Он смотрит в иллюминатор на капельки воды, разбегающиеся от ветра. Встреча с отцом не была, прямо скажем, громадной. Даже не обещание встречи — так, сон, всего лишь психический феномен, а все равно он чувствует себя ребенком, который долго-долго плакал, а потом на него посмотрели взрослые, ласково, так, чтоб он понял, что давно прощен, и слезы высохли, только вокруг глаз еще побаливает, но хочется уже движения, игрушек, еды.
Можно ему еще порцию? — Нет, разве что кто-то откажется. Порции — по числу пассажиров. — Спасибо, не беспокойтесь, он сыт.
Со своей щетиной и двухдневной немытостью он, наверное, подозрителен, а возможно, и запах уже, американцы чувствительны к запахам, — ничего, наплевать, самому незаметно, как не слышен ему его русский акцент, — развалился на трех сиденьях, ноги закутал пледом, в наушниках — Мендельсон, фортепианное трио, несовершенная запись, но какая проникновенная игра! Шесть часов передышки перед Нью-Йорком — городом желтого дьявола, кто назвал так Нью-Йорк?
По прилете им овладевает экономическая распущенность, и он покупает домашним нелепые дорогие подарки, а уже в самолете домой, еще на земле, совершает поступок, которого будет стесняться.
Обстоятельства таковы. Самолет переполнен, он сидит у окна рядом с запасным выходом — дефицитное место, заранее побеспокоился, тут больше простора ногам — и на сиденье рядом с ним плюхается господин средних лет, который, во-первых, совершенно пьян, а во-вторых, весит, вероятно, килограмм сто семьдесят — только среди американцев такие встречаются. Господин истекает потом, горячие бока его свисают далеко по краям сиденья. Понятно, что изменений к лучшему не предвидится, так будет до самой Москвы.

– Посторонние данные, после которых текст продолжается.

section \<open>A determinant bound\<close>

lemma norm_det_le:
  fixes B :: "complex^'n^'n"
  assumes "\<And>i j. cmod (B $ i $ j) \<le> b"
  shows "cmod (det B) \<le> fact CARD('n) * b ^ CARD('n)"
proof -
  let ?P = "{q. q permutes (UNIV::'n set)}"
  have "cmod (det B) \<le> (\<Sum>q\<in>?P. cmod (of_int (sign q) * (\<Prod>i\<in>UNIV. B $ i $ q i)))"
    unfolding det_def by (rule norm_sum)
  also have "\<dots> \<le> (\<Sum>q\<in>?P. b ^ CARD('n))"
  proof (rule sum_mono)
    fix q :: "'n \<Rightarrow> 'n"
    have "(\<Prod>i\<in>UNIV. cmod (B $ i $ q i)) \<le> (\<Prod>i\<in>(UNIV::'n set). b)"
      by (intro prod_mono) (simp add: assms)
    moreover have "cmod (of_int (sign q)) = 1" by (cases q rule: sign_cases) simp_all
    ultimately show "cmod (of_int (sign q) * (\<Prod>i\<in>UNIV. B $ i $ q i)) \<le> b ^ CARD('n)"
      by (simp add: norm_mult prod_norm[symmetric])
  qed
  also have "\<dots> = fact CARD('n) * b ^ CARD('n)"
    by (simp add: card_permutations)
  finally show ?thesis .
qed

lemma norm_mult_ctrans_entry_le: "cmod ((A ** ctrans A) $ i $ j) \<le> (norm A)\<^sup>2"
  for A :: "complex^'n^'m"
proof -
  have row: "norm (A $ l) \<le> norm A" for l
    unfolding norm_vec_def by (rule member_le_L2_set) simp_all
  have "cmod ((A ** ctrans A) $ i $ j) = cmod (\<Sum>k\<in>UNIV. A $ i $ k * cnj (A $ j $ k))"
    by (simp add: matrix_matrix_mult_def ctrans_def)
  also have "\<dots> \<le> (\<Sum>k\<in>UNIV. \<bar>cmod (A $ i $ k)\<bar> * \<bar>cmod (A $ j $ k)\<bar>)"
    by (rule order_trans[OF norm_sum]) (simp add: norm_mult)
  also have "\<dots> \<le> L2_set (\<lambda>k. cmod (A $ i $ k)) UNIV * L2_set (\<lambda>k. cmod (A $ j $ k)) UNIV"
    by (rule L2_set_mult_ineq)
  also have "\<dots> = norm (A $ i) * norm (A $ j)" by (simp add: norm_vec_def)
  also have "\<dots> \<le> norm A * norm A"
    using row[of i] row[of j] by (intro mult_mono) simp_all
  finally show ?thesis by (simp add: power2_eq_square)
qed

text \<open>No sign condition on the determinant is needed: for real \<open>x\<close>, \<open>ln x = ln \<bar>x\<bar>\<close> if
  \<open>x \<noteq> 0\<close>, and \<open>ln 0 = 0\<close>.\<close>
lemma ln_det_identity_add_le:
  fixes A :: "complex^'n^'m"
  assumes "0 \<le> a"
  shows "ln (Re (det (mat 1 + a *\<^sub>R (A ** ctrans A))))
    \<le> ln (fact CARD('m)) + CARD('m) * ln (1 + a * Re (trace (A ** ctrans A)))"
proof -
  define d where "d = det (mat 1 + a *\<^sub>R (A ** ctrans A))"
  define t where "t = Re (trace (A ** ctrans A))"
  have t: "t = (norm A)\<^sup>2" by (simp add: t_def Re_trace_mult_ctrans)
  have entry: "cmod ((mat 1 + a *\<^sub>R (A ** ctrans A)) $ i $ j) \<le> 1 + a * t" for i j
  proof -
    have "cmod ((mat 1 + a *\<^sub>R (A ** ctrans A)) $ i $ j)
        \<le> cmod ((mat 1 :: complex^'m^'m) $ i $ j) + cmod (a *\<^sub>R (A ** ctrans A) $ i $ j)"
      by (simp only: vector_add_component vector_scaleR_component) (rule norm_triangle_ineq)
    also have "\<dots> = cmod ((mat 1 :: complex^'m^'m) $ i $ j) + a * cmod ((A ** ctrans A) $ i $ j)"
      using assms by simp
    also have "\<dots> \<le> 1 + a * t"
      using norm_mult_ctrans_entry_le[of A i j] assms
      by (intro add_mono mult_left_mono) (simp_all add: mat_def t)
    finally show ?thesis .
  qed
  have pos: "0 < 1 + a * t" using assms by (simp add: t add_pos_nonneg)
  show ?thesis
  proof (cases "Re d = 0")
    case True
    have "0 \<le> ln (fact CARD('m) :: real)" by (simp add: ln_ge_zero)
    moreover have "0 \<le> ln (1 + a * t)" using assms by (simp add: t ln_ge_zero)
    ultimately show ?thesis using True by (simp add: d_def flip: t_def)
  next
    case False
    have "\<bar>Re d\<bar> \<le> fact CARD('m) * (1 + a * t) ^ CARD('m)"
      using abs_Re_le_cmod[of d] norm_det_le[OF entry] unfolding d_def by linarith
    then have "ln \<bar>Re d\<bar> \<le> ln (fact CARD('m) * (1 + a * t) ^ CARD('m))"
      using False by simp
    moreover have "ln (Re d) = ln \<bar>Re d\<bar>"
      by (simp add: ln_real_def)
    ultimately show ?thesis
      using pos by (simp add: d_def t_def ln_mult ln_realpow)
  qed
qed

Он вылезает из-под горы жира и, не успев придумать, что скажет, протискивается к стюардессе и сообщает, что сосед его пьян и что это, с его точки зрения, создает угрозу: в случае бедствия поможет ли нетрезвый человек остальным пассажирам выбраться?
— Сэр, — спрашивает толстяка стюардесса, — не угодно ли быть пересаженным? Нет? — Она просит его говорить громче. — Нет? — Ну тогда она вызывает полицию, и господин полетит в Москву в это же время на этом же месте, но завтра.

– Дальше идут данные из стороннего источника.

lemma trisector_crossing:
  assumes "R > 0" "gk k t u0 = 0" "(gk k t has_real_derivative d) (at u0)" "d \<noteq> 0"
  shows "transverse_crossing_at k R t u0"
proof -
  define s c where "s = spar t" and "c = cpar t"
  have g: "gk k t = (\<lambda>u. 1 + k * F1_quadratic s c u)"
    by (simp add: fun_eq_iff gk_eq_F1_quadratic s_def c_def)
  with assms(2) have root: "1 + k * F1_quadratic s c u0 = 0" by simp
  then have "F1_quadratic s c u0 \<noteq> 0" by auto
  moreover have "sqrt (1 + u0^2) > 0" by (simp add: add_pos_nonneg)
  ultimately have "R * F1_quadratic s c u0 * sqrt (1 + u0^2) \<noteq> 0" using assms(1) by simp
  obtain \<epsilon> \<delta> \<phi>1 \<phi>2 where "\<epsilon> > 0" "\<delta> > 0"
    and graphs: "smooth_zero_graph (omega_domain s c) (G_factor k R s c 1) u0 \<epsilon> \<delta> \<phi>1"
      "smooth_zero_graph (omega_domain s c) (G_factor k R s c (-1)) u0 \<epsilon> \<delta> \<phi>2"
    and derivs: "(\<phi>1 has_real_derivative R * F1_quadratic s c u0 * sqrt (1 + u0^2) / d) (at 0)"
      "(\<phi>2 has_real_derivative - (R * F1_quadratic s c u0 * sqrt (1 + u0^2)) / d) (at 0)"
    using G_factor_branches[OF root assms(3)[unfolded g] assms(4)] by blast
  have "deriv \<phi>1 0 \<noteq> deriv \<phi>2 0"
    using DERIV_imp_deriv[OF derivs(1)] DERIV_imp_deriv[OF derivs(2)]
      \<open>R * F1_quadratic s c u0 * sqrt (1 + u0^2) \<noteq> 0\<close> assms(4) by simp
  moreover have "trisectorG k R t X u = 0 \<longleftrightarrow> u = \<phi>1 X \<or> u = \<phi>2 X"
    if "0 < \<bar>X\<bar> \<and> \<bar>X\<bar> < \<epsilon> \<and> \<bar>u - u0\<bar> < \<delta>" for X u
    using that trisectorG_zero_iff_graphs[of t k R u0 \<epsilon> \<delta> \<phi>1 \<phi>2 X u] graphs
    by (auto simp: s_def c_def)
  ultimately show ?thesis
    using \<open>\<epsilon> > 0\<close> \<open>\<delta> > 0\<close> graphs
    unfolding transverse_crossing_at_def smooth_zero_graph_def by blast
qed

Надо вмешаться: погодите, он ручается… Освободившись из-под туши, он яснее соображает, что натворил, ему тоже приходилось употреблять алкоголь, в меньших, конечно, количествах, но, возможно, его сосед перед полетом волнуется, многие боятся летать. Никто в его сторону и головы не повернул, а толстяк, только услышав слово «полиция», встает и плетется за стюардессой в конец салона.
Стыдновато. По-американски повел себя. Ладно, что сделано — то сделано, никто не умер.
На место пьяного толстяка садится женщина лет сорока пяти, свеженькая, в веснушках, их руки соприкасаются на подлокотнике, через рубашку он ощущает приятный холод. Вот и славно, он примет снотворное, сейчас им дадут вина — теперь-то уж он заснет и проспит до Москвы. Вина ему, однако, не достается.
— А в случае бедствия вы сумеете оказать пассажирам помощь? — Напитки развозит уже знакомая ему стюардесса: не все американцы, стало быть, одобряют стукачество.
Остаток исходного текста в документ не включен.